Library and log normalize the data

A_norm <- normalize_data(b_nk_example)

Choose k.

k_choice <- choose_k(A_norm)

For the results in the paper, automatically chosen k worked quite well, but in some cases you might want to take a closer look, as we do here. The k is chosen based on the spacings between the singular values, as it can be quite hard to identify the ``beginning of noise'' from just looking at the spectrum itself.

library(ggplot2)
library(gridExtra)
df <- data.frame(x=1:100,y=k_choice$d)
g1<-ggplot(df,aes(x=x,y=y),) + geom_point(size=1)  + geom_line(size=0.5)+ geom_vline(xintercept=k_choice$k)   + theme( axis.title.x=element_blank() ) + scale_x_continuous(breaks=seq(10,100,10)) + ylab('s_i') + ggtitle('Singular values')
df <- data.frame(x=2:100,y=diff(k_choice$d))[3:99,]
g2<-ggplot(df,aes(x=x,y=y),) + geom_point(size=1)  + geom_line(size=0.5)+ geom_vline(xintercept=k_choice$k+1)   + theme(axis.title.x=element_blank() ) + scale_x_continuous(breaks=seq(10,100,10)) + ylab('s_{i} - s_{i-1}') + ggtitle('Singular value spacings')
grid.arrange(g1,g2,nrow=1)

A_norm_completed <- alra(A_norm,k=k_choice$k)[[3]]

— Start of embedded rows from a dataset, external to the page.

lemma hdiag_const_eq_iff: "hdiag n (\<lambda>_. k) = hdiag n (\<lambda>_. l) \<longleftrightarrow> k = l"
proof
  assume "hdiag n (\<lambda>_. k) = hdiag n (\<lambda>_. l)"
  from fun_cong[OF this, of "(std_matching n, std_matching n, \<lambda>_. False)"] show "k = l"
    using std_matching_in_Bn by (simp add: hdiag_def)
qed simp

lemma uminus_hdiag: "(\<lambda>x. - hdiag n c x) = hdiag n (\<lambda>a. - c a)"
  by (intro ext, clarify) (simp add: hdiag_def)

theorem proposition2:
  fixes n :: nat
  shows "{h \<in> Z0 n. \<exists>g\<in>Z0 n. hmult n h g = hone n \<and> hmult n g h = hone n}
         = {hone n, (\<lambda>x. - hone n x)}"
proof -
  have "{h \<in> Z0 n. \<exists>g\<in>Z0 n. hmult n h g = hone n \<and> hmult n g h = hone n}
      = {h. \<exists>k l. h = hdiag n (\<lambda>_. k) \<and> k * l = 1}"
    by (auto simp: Z0_eq_scalars hmult_hdiag_hdiag hone_eq_hdiag hdiag_const_eq_iff mult.commute)
  also have "\<dots> = {hdiag n (\<lambda>_. 1), hdiag n (\<lambda>_. -1)}"
    by (auto simp: zmult_eq_1_iff)
  finally show ?thesis
    by (simp add: hone_eq_hdiag uminus_hdiag)
qed

end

Check the completion. Note that the results improve when using the entire dataset (see the ALRA-paper repo for those codes), as opposed to this subset.

  • NCAM1 should be expressed in all NK cells, but is only expressed in 4% of of NK cells in the original data.
  • CR2 should be expressed in all B cells, but is only expressed in 1% of of B cells in the original data.
print(aggregate(A_norm[,c('NCAM1','CR2')], by=list(" "=labels_example),FUN=function(x) round(c(percent=100*sum(x>0)/length(x)),1)))
print(aggregate(A_norm_completed[,c('NCAM1','CR2')], by=list(" "=labels_example),FUN=function(x) round(c(percent=100*sum(x>0)/length(x)),1)))

More info

ALRA is integrated into Seurat v3.0 (currently at pre-release stage) as function RunALRA(). But if you use Seurat v2, we provide a simple function to perform ALRA on a Seurat v2 object in alraSeurat2.R.

ALRA is supported for OS X, Linux, and Windows. It has been tested on MacOS (Mojave, 10.14) and Ubuntu 16.04. Installation should not take longer than a minute or two.